(* Consider the normalised two-player, two-market Cournot game with per-period utility $u(x,a)=-2x(x+a)$ for a player playing $x$ against an opponent playing $a$. Let $c=-\frac{1}{1+\sqrt2}$ and let player 2's initial strategy be $a_0\in[-1,1]$. The players update alternately, each responding to the opponent's current strategy $a$ by switching to $c\,a$: at time $t=0$ player 1 updates (to $c\,a_0$), at $t=1$ player 2 updates (to $c^2a_0$), at $t=2$ player 1 updates, and so on. Let $u_t$ denote player 1's one-period utility at time $t$, evaluated at both players' strategies after the update at time $t$, and let $g=u_0=u(c\,a_0,a_0)$ be player 1's utility after the first move, measured relative to the equilibrium utility $0$. Then $$\sum_{t=0}^{\infty}u_t=\frac{(1+\sqrt2)\,g}{4},$$ which is strictly positive whenever $a_0\neq 0$.
   Context: Two players each have one unit of a homogeneous good (zero production and transportation cost) to split between two markets with inverse-linear demand. Strategies are normalised to numbers in $[-1,1]$ with $0$ the unique Cournot equilibrium split, and the normalised one-period utility (relative to the equilibrium utility, normalised to $0$) of a player playing $x$ against an opponent playing $a$ is $u(x,a)=-2x(x+a)$. The response rule $a\mapsto -\frac{a}{1+\sqrt2}$ is the one the paper calls the infinite time horizon optimal strategy. *)

theory Defs
  imports Complex_Main
begin

definition util :: "real \<Rightarrow> real \<Rightarrow> real" where
  "util x a = -2 * x * (x + a)"

text \<open>The infinite-horizon optimal response coefficient.\<close>
definition copt :: real where
  "copt = - 1 / (1 + sqrt 2)"

text \<open>Strategy profile (player 1, player 2) after the update at time t,
  starting from player 2's initial strategy a0.\<close>
fun profile :: "real \<Rightarrow> nat \<Rightarrow> real \<times> real" where
  "profile a0 0 = (copt * a0, a0)"
| "profile a0 (Suc t) =
     (let (x, y) = profile a0 t in
      if even (Suc t) then (copt * y, y) else (x, copt * x))"

definition util1 :: "real \<Rightarrow> nat \<Rightarrow> real" where
  "util1 a0 t = util (fst (profile a0 t)) (snd (profile a0 t))"

end

theory Submission
  imports Defs "HOL-Probability.Characteristic_Functions"
begin

text \<open>Two updates rescale both strategies by \<open>copt\<^sup>2\<close>, and the utility is a quadratic form,
  so the utilities satisfy \<open>u (t + 2) = copt\<^sup>4 * u t\<close> with \<open>u 1 = copt * u 0\<close>.
  Their sum is therefore \<open>g (1 + copt) / (1 - copt\<^sup>4) = g / ((1 - copt) (1 + copt\<^sup>2))\<close>,
  which for \<open>copt = 1 - sqrt 2\<close> equals \<open>(1 + sqrt 2) g / 4\<close>.\<close>

lemma two_step_geometric_power:
  fixes f :: "nat \<Rightarrow> 'a::monoid_mult"
  assumes "\<And>n. f (Suc (Suc n)) = q * f n"
  shows "f (2 * k + i) = q ^ k * f i"
proof (induction k)
  case (Suc k)
  have "f (2 * Suc k + i) = q * f (2 * k + i)"
    using assms[of "2 * k + i"] by simp
  with Suc show ?case by (simp add: mult.assoc)
qed simp

lemma two_step_geometric_sums:
  fixes f :: "nat \<Rightarrow> 'a::real_normed_field"
  assumes rec: "\<And>n. f (Suc (Suc n)) = q * f n" and "norm q < 1"
  shows "f sums ((f 0 + f 1) / (1 - q))"
proof -
  have pow: "f (2 * k + i) = q ^ k * f i" for k i
    using rec by (rule two_step_geometric_power)
  have even_partial: "(\<Sum>n<2 * N. f n) = (f 0 + f 1) * (\<Sum>k<N. q ^ k)" for N
  proof -
    have "(\<Sum>n<2 * N. f n) = (\<Sum>k<N. \<Sum>n\<in>{k * 2..<k * 2 + 2}. f n)"
      by (simp only: sum.nat_group mult.commute)
    also have "\<dots> = (\<Sum>k<N. (f 0 + f 1) * q ^ k)"
      using pow[of _ 0] pow[of _ 1] by (simp add: numeral_2_eq_2 algebra_simps)
    finally show ?thesis by (simp add: sum_distrib_left)
  qed
  have "(\<lambda>N. \<Sum>k<N. q ^ k) \<longlonglongrightarrow> 1 / (1 - q)"
    using geometric_sums[OF \<open>norm q < 1\<close>] by (simp add: sums_def)
  then have evens: "(\<lambda>N. \<Sum>n<2 * N. f n) \<longlonglongrightarrow> (f 0 + f 1) / (1 - q)"
    unfolding even_partial by (auto intro: tendsto_eq_intros)
  have "(\<lambda>N. q ^ N * f 0) \<longlonglongrightarrow> 0"
    using LIMSEQ_power_zero[OF \<open>norm q < 1\<close>] by (auto intro: tendsto_eq_intros)
  with evens have "(\<lambda>N. (\<Sum>n<2 * N. f n) + q ^ N * f 0) \<longlonglongrightarrow> (f 0 + f 1) / (1 - q)"
    using tendsto_add by fastforce
  moreover have "(\<Sum>n<2 * N + 1. f n) = (\<Sum>n<2 * N. f n) + q ^ N * f 0" for N
    using pow[of N 0] by simp
  ultimately have "(\<lambda>N. \<Sum>n<2 * N + 1. f n) \<longlonglongrightarrow> (f 0 + f 1) / (1 - q)"
    by simp
  with evens show ?thesis
    unfolding sums_def by (rule limseq_even_odd)
qed

lemma util_scale: "util (r * x) (r * y) = r\<^sup>2 * util x y"
  by (simp add: util_def power2_eq_square algebra_simps)

lemma copt_eq: "copt = 1 - sqrt 2"
proof -
  have "(1 + sqrt 2) * (1 - sqrt 2) = -1"
    by (simp add: algebra_simps)
  moreover have "1 + sqrt 2 > 0"
    by (simp add: add_pos_nonneg)
  ultimately show ?thesis
    unfolding copt_def by (simp add: field_simps)
qed

lemma copt_bounds: "-1 < copt" "copt < 0"
proof -
  have "sqrt 2 < 2"
    by (rule real_less_lsqrt) simp_all
  then show "-1 < copt" by (simp add: copt_eq)
  show "copt < 0" by (simp add: copt_eq)
qed

lemma norm_copt_power4_less_one: "norm (copt ^ 4) < 1"
proof -
  have "\<bar>copt\<bar> < 1"
    using copt_bounds by simp
  then show ?thesis
    unfolding real_norm_def power_abs by (simp only: power_less_one_iff abs_ge_zero) simp
qed

lemma util_first_response_pos:
  assumes "a0 \<noteq> 0"
  shows "util (copt * a0) a0 > 0"
proof -
  have "util (copt * a0) a0 = 2 * (- copt) * (1 + copt) * a0\<^sup>2"
    by (simp add: util_def power2_eq_square algebra_simps)
  also have "\<dots> > 0"
    using copt_bounds assms by (intro mult_pos_pos) simp_all
  finally show ?thesis .
qed

lemma profile_responds:
  "if even t then fst (profile a0 t) = copt * snd (profile a0 t)
   else snd (profile a0 t) = copt * fst (profile a0 t)"
  by (cases t) (simp_all add: case_prod_beta)

lemma profile_Suc_Suc:
  "profile a0 (Suc (Suc t)) = (copt\<^sup>2 * fst (profile a0 t), copt\<^sup>2 * snd (profile a0 t))"
proof -
  obtain x y where xy: "profile a0 t = (x, y)"
    by fastforce
  then have "if even t then x = copt * y else y = copt * x"
    using profile_responds[of t a0] by (simp only: fst_conv snd_conv)
  with xy show ?thesis
    by (cases "even t") (simp_all add: power2_eq_square)
qed

lemma util1_Suc_Suc: "util1 a0 (Suc (Suc t)) = copt ^ 4 * util1 a0 t"
proof -
  have "util1 a0 (Suc (Suc t)) = (copt\<^sup>2)\<^sup>2 * util1 a0 t"
    unfolding util1_def profile_Suc_Suc fst_conv snd_conv by (rule util_scale)
  then show ?thesis by simp
qed

lemma util1_one: "util1 a0 1 = copt * util1 a0 0"
  by (simp add: util1_def util_def algebra_simps)

lemma copt_sum_factor: "(1 + copt) / (1 - copt ^ 4) = (1 + sqrt 2) / 4"
proof -
  have factor: "1 - copt ^ 4 = (1 + copt) * ((1 - copt) * (1 + copt\<^sup>2))"
    by (simp add: algebra_simps power2_eq_square power4_eq_xxxx)
  have "(1 - copt) * (1 + copt\<^sup>2) = 4 * (sqrt 2 - 1)"
    by (simp add: copt_eq algebra_simps power2_eq_square)
  with factor have "1 - copt ^ 4 = (1 + copt) * (4 * (sqrt 2 - 1))"
    by simp
  moreover have "1 + copt \<noteq> 0"
    using copt_bounds by simp
  ultimately have "(1 + copt) / (1 - copt ^ 4) = 1 / (4 * (sqrt 2 - 1))"
    by simp
  also have "\<dots> = (1 + sqrt 2) / 4"
    by (simp add: field_simps algebra_simps)
  finally show ?thesis .
qed

theorem theorem5:
  fixes a0 :: real
  assumes "a0 \<in> {-1..1}"
  defines "g \<equiv> util (copt * a0) a0"
  shows "(util1 a0) sums ((1 + sqrt 2) * g / 4) \<and> (a0 \<noteq> 0 \<longrightarrow> (1 + sqrt 2) * g / 4 > 0)"
proof
  have "util1 a0 sums ((util1 a0 0 + util1 a0 1) / (1 - copt ^ 4))"
    using util1_Suc_Suc norm_copt_power4_less_one by (rule two_step_geometric_sums)
  also have "(util1 a0 0 + util1 a0 1) / (1 - copt ^ 4) = g * ((1 + copt) / (1 - copt ^ 4))"
    unfolding util1_one by (simp add: util1_def g_def algebra_simps)
  also have "\<dots> = (1 + sqrt 2) * g / 4"
    by (simp add: copt_sum_factor)
  finally show "util1 a0 sums ((1 + sqrt 2) * g / 4)" .
  show "a0 \<noteq> 0 \<longrightarrow> (1 + sqrt 2) * g / 4 > 0"
    using util_first_response_pos by (simp add: g_def add_pos_nonneg)
qed

end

**EXERCISE AIM:** Across the data, pull every line containing the string "optimal".

**SOLUTION TO THIS EXERCISE:**
   Context: Two players each have one unit of a homogeneous good (zero production and transportation cost) to split between two markets with inverse-linear demand. Strategies are normalised to numbers in $[-1,1]$ with $0$ the unique Cournot equilibrium split, and the normalised one-period utility (relative to the equilibrium utility, normalised to $0$) of a player playing $x$ against an opponent playing $a$ is $u(x,a)=-2x(x+a)$. The response rule $a\mapsto -\frac{a}{1+\sqrt2}$ is the one the paper calls the infinite time horizon optimal strategy. *)
text \<open>The infinite-horizon optimal response coefficient.\<close>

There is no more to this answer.